This file determines part of the configuration of the template.

  • default parameters for the reports if the variable $params does not exist (see below)
  • research settings that are used to build paths and captions
  • the location of the data

4. Quarto YAML

As mentioned, the template works with basic-report and advanced-report profiles. The basic-report profile contains the conclusions, fairness analysis and factors analysis. The advanced-report analysis also contains a section on the underlying prediction models, explains the underlying concepts, and shows all relevant R code. Three files accomplish this: _quarto.yml, _quarto-basic-report.yml and _quarto-advanced-report.yml. The _quarto.yml file contains both reports’ general settings; the other files contain the specific settings for the basic and advanced reports.

The quarto.yml file has the following options:

  • The project settings (book) and associated details: author, date (based on the latest modification date), navigation.
  • Information on the location of the favicon.
  • The two profiles basic and advanced. If no profile is specified, the first profile prevails.
  • The branding settings: the location of the house-style files.
  • The editor settings: work with the source code view instead of the visual view.
  • The execution settings: do not save markdown files and hide console output.
  • The citation settings: the location of the bibliography and the Citation Style Language (APA).
  • The language settings: the language of the report.
  • The lightbox settings: enlarges images when you click on them.
  • The HTML settings: numbering, scrolling, the engine for mathematical texts, the font size (110%), the possibility for comments (via hypothesis), the theme, the output settings, the table of contents and links under ‘More information’.
  • Other settings: configuration.

The quarto-basic-report.yml file has the following options:

  • The project name and output directory.
  • The specific theme settings: the basic-report scss file.
  • The specific execution settings: save files that have not changed (freeze); this setting ensures that when rendering, a _freeze folder is created with elements that do not change and are reused in this template.
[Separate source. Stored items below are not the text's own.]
lemma pointwise_cluster_functional_linear:
  fixes s :: "nat \<Rightarrow> 'a::real_normed_vector" and p :: "('a \<Rightarrow>\<^sub>L real) \<Rightarrow> real"
  assumes cluster: "\<And>F \<delta>. finite F \<Longrightarrow> \<delta> > 0 \<Longrightarrow>
           \<exists>\<^sub>F n in sequentially. \<forall>f\<in>F. \<bar>blinfun_apply f (s n) - p f\<bar> < \<delta>"
  shows "linear p"
proof
  fix f g :: "'a \<Rightarrow>\<^sub>L real"
  have "\<bar>p (f + g) - p f - p g\<bar> \<le> 3 * \<delta>" if "\<delta> > 0" for \<delta>
  proof -
    have "\<exists>\<^sub>F n in sequentially. \<forall>h\<in>{f, g, f + g}. \<bar>blinfun_apply h (s n) - p h\<bar> < \<delta>"
      using that by (intro cluster) auto
    then obtain n where "\<forall>h\<in>{f, g, f + g}. \<bar>blinfun_apply h (s n) - p h\<bar> < \<delta>"
      using frequently_ex by blast
    then show ?thesis by (auto simp: blinfun.add_left)
  qed
  then show "p (f + g) = p f + p g"
    using eq_0_if_abs_le_scaled_epsilon[of 3 "p (f + g) - p f - p g"] by simp
next
  fix c :: real and f :: "'a \<Rightarrow>\<^sub>L real"
  have "\<bar>p (c *\<^sub>R f) - c * p f\<bar> \<le> (1 + \<bar>c\<bar>) * \<delta>" if "\<delta> > 0" for \<delta>
  proof -
    have "\<exists>\<^sub>F n in sequentially. \<forall>h\<in>{f, c *\<^sub>R f}. \<bar>blinfun_apply h (s n) - p h\<bar> < \<delta>"
      using that by (intro cluster) auto
    then obtain n where "\<forall>h\<in>{f, c *\<^sub>R f}. \<bar>blinfun_apply h (s n) - p h\<bar> < \<delta>"
      using frequently_ex by blast
    then have "\<bar>c * blinfun_apply f (s n) - p (c *\<^sub>R f)\<bar> < \<delta>"
      and "\<bar>c\<bar> * \<bar>blinfun_apply f (s n) - p f\<bar> \<le> \<bar>c\<bar> * \<delta>"
      by (auto simp: blinfun.scaleR_left intro: mult_left_mono)
    then show ?thesis by (simp add: algebra_simps abs_mult[symmetric])
  qed
  then show "p (c *\<^sub>R f) = c *\<^sub>R p f"
    using eq_0_if_abs_le_scaled_epsilon[of "1 + \<bar>c\<bar>" "p (c *\<^sub>R f) - c * p f"] by simp
qed

definition weak_cluster_point :: "(nat \<Rightarrow> 'a::real_normed_vector) \<Rightarrow> 'a \<Rightarrow> bool" where
  "weak_cluster_point s x \<longleftrightarrow> (\<forall>F::('a \<Rightarrow>\<^sub>L real) set. \<forall>\<delta>>0. finite F \<longrightarrow>
      (\<exists>\<^sub>F n in sequentially. \<forall>f\<in>F. \<bar>blinfun_apply f (s n) - blinfun_apply f x\<bar> < \<delta>))"

lemma reflexive_bounded_seq_has_weak_cluster_point:
  fixes s :: "nat \<Rightarrow> 'a::real_normed_vector"
  assumes "reflexive_space TYPE('a)" and "\<And>n. norm (s n) \<le> 1"
  shows "\<exists>x. weak_cluster_point s x"
proof -
  obtain p where bound: "\<And>f. \<bar>p f\<bar> \<le> norm f"
    and cluster: "\<And>F \<delta>. finite F \<Longrightarrow> \<delta> > 0 \<Longrightarrow>
           \<exists>\<^sub>F n in sequentially. \<forall>f\<in>F. \<bar>blinfun_apply f (s n) - p f\<bar> < \<delta>"
    using bounded_seq_has_pointwise_cluster_functional assms(2) by blast
  have "bounded_linear p"
    using pointwise_cluster_functional_linear[OF cluster] bound
    by (intro bounded_linear_intro[where K = 1]) (auto simp: linear_iff)
  then have "blinfun_apply (Blinfun p) = p" by (rule bounded_linear_Blinfun_apply)
  then obtain x where "\<And>f. p f = blinfun_apply f x"
    using assms(1) unfolding reflexive_space_def by metis
  then have "weak_cluster_point s x" unfolding weak_cluster_point_def using cluster by simp
  then show ?thesis ..
qed

lemma weak_cluster_pointD:
  fixes f :: "'a::real_normed_vector \<Rightarrow>\<^sub>L real"
  assumes "weak_cluster_point s w" and "\<delta> > 0"
  shows "\<exists>\<^sub>F n in sequentially. \<bar>blinfun_apply f (s n) - blinfun_apply f w\<bar> < \<delta>"
  using assms(1)[unfolded weak_cluster_point_def, rule_format, of \<delta> "{f}"] assms(2) by simp

lemma weak_cluster_point_in_closed_subspace:
  fixes Z :: "'a::real_normed_vector set"
  assumes "closed Z" "subspace Z" "\<And>n. s n \<in> Z" "weak_cluster_point s w"
  shows "w \<in> Z"
proof (rule ccontr)
  assume "w \<notin> Z"
  then obtain f :: "'a \<Rightarrow>\<^sub>L real" where "\<forall>v\<in>Z. blinfun_apply f v = 0" and "blinfun_apply f w \<noteq> 0"
    using exists_functional_vanishing_on_closed_subspace assms(1,2) by blast
  moreover obtain n where "\<bar>blinfun_apply f (s n) - blinfun_apply f w\<bar> < \<bar>blinfun_apply f w\<bar>"
    using frequently_ex[OF weak_cluster_pointD[OF assms(4)]] \<open>blinfun_apply f w \<noteq> 0\<close> by fastforce
  ultimately show False using assms(3) by auto
qed

lemma weak_cluster_point_apply_eq_lim:
  fixes f :: "'a::real_normed_vector \<Rightarrow>\<^sub>L real"
  assumes "weak_cluster_point s w" and "(\<lambda>n. blinfun_apply f (s n)) \<longlonglongrightarrow> c"
  shows "blinfun_apply f w = c"
proof -
  have "\<bar>blinfun_apply f w - c\<bar> \<le> 2 * \<delta>" if \<delta>: "\<delta> > 0" for \<delta>
  proof -
    have "\<forall>\<^sub>F n in sequentially. dist (blinfun_apply f (s n)) c < \<delta>"
      using assms(2) \<delta> by (rule tendstoD)
    then obtain n where "dist (blinfun_apply f (s n)) c < \<delta>"
      and "\<bar>blinfun_apply f (s n) - blinfun_apply f w\<bar> < \<delta>"
      using frequently_ex[OF frequently_eventually_conj[OF weak_cluster_pointD[OF assms(1) \<delta>]]]
      by auto
    then show ?thesis by (simp add: dist_real_def)
  qed
  then show ?thesis using eq_0_if_abs_le_scaled_epsilon[of 2 "blinfun_apply f w - c"] by simp
qed

definition rat_span :: "(nat \<Rightarrow> 'a::real_vector) \<Rightarrow> 'a set" where
  "rat_span s = {\<Sum>i<n. of_rat (q i) *\<^sub>R s i | n q. True}"

lemma rat_spanI: "x = (\<Sum>i<n. of_rat (q i) *\<^sub>R s i) \<Longrightarrow> x \<in> rat_span s"
  unfolding rat_span_def by blast

lemma countable_rat_span: "countable (rat_span s)"
proof -
  have "rat_span s \<subseteq> (\<Union>n. (\<lambda>q. \<Sum>i<n. of_rat (q i) *\<^sub>R s i) ` (Pi\<^sub>E {..<n} (\<lambda>_. UNIV)))"
  proof
    fix y assume "y \<in> rat_span s"
    then obtain n q where y: "y = (\<Sum>i<n. of_rat (q i) *\<^sub>R s i)" unfolding rat_span_def by blast
    have "y = (\<Sum>i<n. of_rat (restrict q {..<n} i) *\<^sub>R s i)" unfolding y by (rule sum.cong) auto
    moreover have "restrict q {..<n} \<in> Pi\<^sub>E {..<n} (\<lambda>_. UNIV)" by auto
    ultimately show "y \<in> (\<Union>n. (\<lambda>q. \<Sum>i<n. of_rat (q i) *\<^sub>R s i) ` (Pi\<^sub>E {..<n} (\<lambda>_. UNIV)))"
      by blast
  qed
  moreover have "countable (\<Union>n. (\<lambda>q. \<Sum>i<n. of_rat (q i) *\<^sub>R s i) ` (Pi\<^sub>E {..<n} (\<lambda>_. UNIV :: rat set)))"
    by (intro countable_UN countable_image countable_PiE) auto
  ultimately show ?thesis by (rule countable_subset)
qed

lemma rat_span_0: "0 \<in> rat_span s"
  by (rule rat_spanI[where n = 0]) simp

lemma rat_span_base: "s k \<in> rat_span s"
proof -
  have "s k = (\<Sum>i<Suc k. of_rat (if i = k then 1 else 0) *\<^sub>R s i)"
    by (simp add: if_distrib[of "\<lambda>q. of_rat q *\<^sub>R _"] sum.delta' cong: if_cong)
  then show ?thesis by (rule rat_spanI)
qed

lemma rat_span_add:
  assumes "x \<in> rat_span s" and "y \<in> rat_span s"
  shows "x + y \<in> rat_span s"
proof -
  obtain n q m p where x: "x = (\<Sum>i<n. of_rat (q i) *\<^sub>R s i)" and y: "y = (\<Sum>i<m. of_rat (p i) *\<^sub>R s i)"
    using assms unfolding rat_span_def by blast
  have pad: "(\<Sum>i<k. of_rat (c i) *\<^sub>R s i) = (\<Sum>i<n + m. of_rat (if i < k then c i else 0) *\<^sub>R s i)"
    if "k \<le> n + m" for k c
    using that by (intro sum.mono_neutral_cong_left) auto
  have "x = (\<Sum>i<n + m. of_rat (if i < n then q i else 0) *\<^sub>R s i)"
    and "y = (\<Sum>i<n + m. of_rat (if i < m then p i else 0) *\<^sub>R s i)"
    unfolding x y by (rule pad; simp)+
  then have "x + y = (\<Sum>i<n + m. of_rat ((if i < n then q i else 0) + (if i < m then p i else 0)) *\<^sub>R s i)"
    by (simp add: sum.distrib[symmetric] of_rat_add scaleR_add_left)
  then show ?thesis by (rule rat_spanI)
qed

lemma rat_span_scale:
  assumes "r \<in> \<rat>" and "x \<in> rat_span s"
  shows "r *\<^sub>R x \<in> rat_span s"
proof -
  obtain r' where r: "r = of_rat r'" using assms(1) by (rule Rats_cases)
  obtain n q where x: "x = (\<Sum>i<n. of_rat (q i) *\<^sub>R s i)" using assms(2) unfolding rat_span_def by blast
  have "r *\<^sub>R x = (\<Sum>i<n. of_rat (r' * q i) *\<^sub>R s i)"
    unfolding x r by (simp add: scaleR_sum_right of_rat_mult)
  then show ?thesis by (rule rat_spanI)
qed

lemma subspace_closure_if_rat_closed:
  fixes D :: "'a::real_normed_vector set"
  assumes "0 \<in> D" and add: "\<And>x y. x \<in> D \<Longrightarrow> y \<in> D \<Longrightarrow> x + y \<in> D"
    and scale: "\<And>r x. r \<in> \<rat> \<Longrightarrow> x \<in> D \<Longrightarrow> r *\<^sub>R x \<in> D"
  shows "subspace (closure D)"
  unfolding subspace_def
proof (intro conjI ballI allI)
  show "0 \<in> closure D" using assms(1) closure_subset by blast
next
  fix x y assume "x \<in> closure D" "y \<in> closure D"
  then obtain a b where "\<forall>n. a n \<in> D" "a \<longlonglongrightarrow> x" "\<forall>n. b n \<in> D" "b \<longlonglongrightarrow> y"
    unfolding closure_sequential by blast
  then have "\<forall>n. a n + b n \<in> D" and "(\<lambda>n. a n + b n) \<longlonglongrightarrow> x + y"
    using add by (auto intro: tendsto_add)
  then show "x + y \<in> closure D"
    unfolding closure_sequential by (intro exI[where x = "\<lambda>n. a n + b n"]) simp
next
  fix c :: real and x assume "x \<in> closure D"
  then obtain a where "\<forall>n. a n \<in> D" "a \<longlonglongrightarrow> x"
    unfolding closure_sequential by blast
  moreover have "c \<in> closure \<rat>" by (simp add: Rats_closure_real)
  then obtain q where "\<forall>n. q n \<in> \<rat>" "q \<longlonglongrightarrow> c"
    unfolding closure_sequential by blast
  ultimately have "\<forall>n. q n *\<^sub>R a n \<in> D" and "(\<lambda>n. q n *\<^sub>R a n) \<longlonglongrightarrow> c *\<^sub>R x"
    using scale by (auto intro: tendsto_scaleR)
  then show "c *\<^sub>R x \<in> closure D"
    unfolding closure_sequential by (intro exI[where x = "\<lambda>n. q n *\<^sub>R a n"]) simp
qed

lemma subspace_closure_rat_span:
  fixes s :: "nat \<Rightarrow> 'a::real_normed_vector"
  shows "subspace (closure (rat_span s))"
  by (rule subspace_closure_if_rat_closed) (auto intro: rat_span_0 rat_span_add rat_span_scale)

lemma countable_dense_norming_sequence:
  fixes D :: "'a::real_normed_vector set"
  assumes "countable D"
  obtains \<phi> :: "nat \<Rightarrow> 'a \<Rightarrow>\<^sub>L real"
  where "\<And>j. norm (\<phi> j) \<le> 1"
    and "\<And>z. z \<in> closure D \<Longrightarrow> (\<And>j. blinfun_apply (\<phi> j) z = 0) \<Longrightarrow> z = 0"
proof -
  define d where "d = from_nat_into D"
  have "\<forall>j. \<exists>f::'a \<Rightarrow>\<^sub>L real. norm f \<le> 1 \<and> blinfun_apply f (d j) = norm (d j)"
    using exists_norming_functional by blast
  then obtain \<phi> :: "nat \<Rightarrow> 'a \<Rightarrow>\<^sub>L real"
    where \<phi>1: "\<And>j. norm (\<phi> j) \<le> 1" and \<phi>d: "\<And>j. blinfun_apply (\<phi> j) (d j) = norm (d j)"
    by metis
  have "z = 0" if z: "z \<in> closure D" and z0: "\<And>j. blinfun_apply (\<phi> j) z = 0" for z
  proof -
    have "norm z \<le> 2 * \<delta>" if "\<delta> > 0" for \<delta>
    proof -
      obtain y where "y \<in> D" "dist y z < \<delta>" using z \<open>\<delta> > 0\<close> unfolding closure_approachable by blast
      moreover have "range d = D" unfolding d_def using \<open>y \<in> D\<close> assms by (intro range_from_nat_into) auto
      ultimately obtain j where dj: "dist (d j) z < \<delta>" by blast
      \<comment> \<open>\<open>\<phi> j\<close> norms \<open>d j\<close> but vanishes at the nearby point \<open>z\<close>\<close>
      have "norm (d j) = blinfun_apply (\<phi> j) (d j - z)" using \<phi>d z0 by (simp add: blinfun.diff_right)
      also have "\<dots> \<le> norm (\<phi> j) * norm (d j - z)" using norm_blinfun[of "\<phi> j" "d j - z"] by simp
      also have "\<dots> \<le> norm (d j - z)" using mult_right_mono[OF \<phi>1[of j], of "norm (d j - z)"] by simp
      finally have "norm (d j) \<le> \<delta>" using dj by (simp add: dist_norm)
      then show ?thesis using dj norm_triangle_ineq4[of "d j" "d j - z"] by (simp add: dist_norm)
    qed
    then show "z = 0" using eq_0_if_abs_le_scaled_epsilon[of 2 "norm z"] by simp
  qed
  with \<phi>1 show ?thesis by (rule that)
qed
If your web pages still don’t change after modifications, manually delete the _freeze folder and re-render the template.
  • The book settings: the title, chapter order and appendices. NB. This template hides Chapter 4: The development of prediction models.

The quarto-advanced-report.yml file has the following options:

  • The project name and output directory.
  • The specific theme settings: settings for showing R code and the advanced-report scss file.
  • The specific execution settings: show the outcomes of the R-chunks (echo: true). This template does not use the freeze option to avoid reusing too much material.
  • The book settings: the title, the order of the chapters and appendices. This template shows Chapter 4: the development of prediction models.

If you want to learn more about using Quarto profiles, visit the Quarto documentation 🔗.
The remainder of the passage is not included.